MUMBAI, India, Jan. 23 -- Intellectual Property India has published a patent application (202541115042 A) filed by Dr. M. K. Vidhyalakshmi; Dr. R. Geetha; Dr. Aswathy K Cherian; Ramya Reddy N; Geetika Reddy Kvsl; Vaishnavi Jauhari; Smit Desai; and Pratik Vatsh, Chennai, Tamil Nadu, on Nov. 21, 2025, for 'advanced collision avoidance system for two-wheeled and four-wheeled vehicles using sensor fusion and machine learning algorithms.'
Inventor(s) include Dr. M. K. Vidhyalakshmi; Dr. R. Geetha; Dr. Aswathy K Cherian; Ramya Reddy N; Geetika Reddy Kvsl; Vaishnavi Jauhari; Smit Desai; and Pratik Vatsh.
The application for the patent was published on Jan. 23, under issue no. 04/2026.
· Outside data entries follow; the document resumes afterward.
text \<open>Writing each column \<open>j\<close> as \<open>A\<^sub>S \<alpha>\<^sub>j\<close> exhibits every row of \<open>A\<close> as a combination
  of the \<open>card S\<close> vectors \<open>j \<mapsto> \<alpha>\<^sub>j k\<close>: row rank is at most column rank.\<close>

lemma card_rows_indep_le_mat_rank:
  assumes "T \<subseteq> {..<m}" "rows_indep A r T"
  shows "card T \<le> mat_rank A m r"
proof -
  obtain \<alpha> where \<alpha>: "\<And>j l. j < r \<Longrightarrow> l < m \<Longrightarrow> A l j = (\<Sum>k\<in>S. \<alpha> j k * A l k)"
    using col_in_span_of_basis unfolding in_lin_span_def by (metis lessThan_iff)
  have rows_in_span: "in_lin_span {..<r} S (\<lambda>k j. \<alpha> j k) (A l)" if "l \<in> T" for l
    unfolding in_lin_span_def
    using that assms(1) by (intro exI[of _ "A l"]) (auto simp: \<alpha> mult.commute)
  have "card T \<le> card S"
    using lin_indep_card_le[of T S "{..<r}" A "\<lambda>k j. \<alpha> j k", OF _ _ _ rows_in_span] assms basis(1)
    by (simp add: rows_indep_iff_lin_indep finite_subset)
  then show ?thesis
    using basis(2) by simp
qed

context
  fixes U :: "nat set"
  assumes rows: "U \<subseteq> {..<m}" "card U = mat_rank A m r" "rows_indep A r U"
begin

lemma row_in_span_of_rows:
  assumes "l < m"
  shows "in_lin_span {..<r} U A (A l)"
proof (rule maximal_lin_indep_spans[where D = "{..<m}"])
  show "finite U"
    using rows(1) by (rule finite_subset) simp
  show "lin_indep {..<r} U A"
    using rows(3) by (simp add: rows_indep_iff_lin_indep)
  show "card T \<le> card U" if "T \<subseteq> {..<m}" "lin_indep {..<r} T A" for T
    using card_rows_indep_le_mat_rank[of T] that rows(2) by (simp add: rows_indep_iff_lin_indep)
qed (use rows(1) assms in auto)

lemma basis_indep_on_rows: "lin_indep U S (\<lambda>j u. A u j)"
  unfolding lin_indep_def
proof (intro allI impI)
  fix c assume zero_on_rows: "\<forall>u\<in>U. (\<Sum>j\<in>S. c j * A u j) = 0"
  have "(\<Sum>j\<in>S. c j * A l j) = 0" if l: "l < m" for l
  proof -
    obtain \<mu> where \<mu>: "\<And>j. j < r \<Longrightarrow> A l j = (\<Sum>u\<in>U. \<mu> u * A u j)"
      using row_in_span_of_rows[OF l] unfolding in_lin_span_def by auto
    have "(\<Sum>j\<in>S. c j * A l j) = (\<Sum>j\<in>S. c j * (\<Sum>u\<in>U. \<mu> u * A u j))"
      using basis(1) \<mu> by (intro sum.cong) auto
    also have "\<dots> = (\<Sum>u\<in>U. \<mu> u * (\<Sum>j\<in>S. c j * A u j))"
      by (simp add: sum_distrib_left sum.swap[of _ S] mult.left_commute)
    also have "\<dots> = 0"
      using zero_on_rows by simp
    finally show ?thesis .
  qed
  then show "\<forall>j\<in>S. c j = 0"
    using basis(3) unfolding cols_indep_def by blast
qed

lemma ensemble_B_is_sub_inverse: "is_sub_inverse A U S (ensemble_B A U S)"
proof -
  have fin: "finite U" "finite S"
    using rows(1) basis(1) by (auto intro: finite_subset)
  have "in_lin_span U S (\<lambda>j u. A u j) w" for w
    using lin_indep_card_eq_spans[OF fin(1,2) basis_indep_on_rows] basis(2) rows(2) by simp
  then obtain C where "is_sub_inverse A U S C"
    using is_sub_inverse_exists[OF fin basis_indep_on_rows] by blast
  then show ?thesis
    unfolding ensemble_B_def by (rule sub_inverse_is_sub_inverse[OF fin])
qed

end

end

theorem mainTheorem7:
  fixes M A W :: rmat and m n r s :: nat and U :: "nat set"
  assumes "nonneg_mat M m n"
    and "nonneg_mat A m r"
    and "nonneg_mat W r n"
    and "\<forall>l<m. \<forall>i<n. M l i = mat_mult A r W l i"
    and "stable_fact M A W m n r"
    and "s = mat_rank A m r"
    and "U \<subseteq> {..<m}" and "card U = s" and "rows_indep A r U"
  shows "\<forall>S \<in> ensemble_sets A m r s. \<forall>i<n. \<forall>l<m.
           (\<Sum>j<r. A l j * (\<Sum>u\<in>U. ensemble_B A U S j u * M u i)) = M l i"
proof (intro ballI allI impI)
  fix S i l assume "S \<in> ensemble_sets A m r s" "i < n" "l < m"
  then have basis: "S \<subseteq> {..<r}" "card S = mat_rank A m r" "cols_indep A m S"
    using assms(6) unfolding ensemble_sets_def by auto
  have "in_lin_span {..<m} S (\<lambda>j l. A l j) (\<lambda>l. M l i)"
    using mat_mult_col_in_span_of_basis[OF basis, of W i] assms(4) \<open>i < n\<close>
    unfolding in_lin_span_def by simp
  moreover have "is_sub_inverse A U S (ensemble_B A U S)"
    using ensemble_B_is_sub_inverse[OF basis] assms(6-9) by simp
  ultimately show "(\<Sum>j<r. A l j * (\<Sum>u\<in>U. ensemble_B A U S j u * M u i)) = M l i"
    using is_sub_inverse_reconstructs[of A U S _ r "{..<m}"] basis(1) assms(7) \<open>l < m\<close>
    by (auto intro: finite_subset)
qed

end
According to the abstract released by the Intellectual Property India: "Advanced Collision Avoidance System is an innovative safety invention that applies to a two-wheeled and four-wheeled vehicle. It functions by initially collecting environmental information in detail by different types o f sensors such as cameras, radar and lidar. This crude data is then subjected to thorough filtering, and alignment to get accuracy, before being synthesized through sensor fusion resulting in a single and very dependable image of the environment that is beyond the reach of any single sensor. Based oh this, combined information, machine learning models classify and label all the objects in the surroundings of the vehicle and differentiate cars, motorcycles, pedestrians, and fixed objects correctly. The. movement of these, objects that are. detected is Continuously monitored by the system and predicted in terms of where they are likely to head in the future based on their speed and direction. Upon these predictions, the heart of the system .is created, that, conducts a risk evaluation to know the chance and immediate attention of a possible collision. The core component of the system independently decides the most relevant evasive maneuver to reduce the risk; this may be the issue of providing an immediate warning to the driver (e.g., haptic or auditory) or the actual management of the vehicle actuators, such as the brakes, steering. Importantly, the system is made in a permanent .monitoring and learning mode whereby as more real-world data is received the machine, learning models are refined and its overall performance and reliability to various and unpredictable driving situations is enhanced with time."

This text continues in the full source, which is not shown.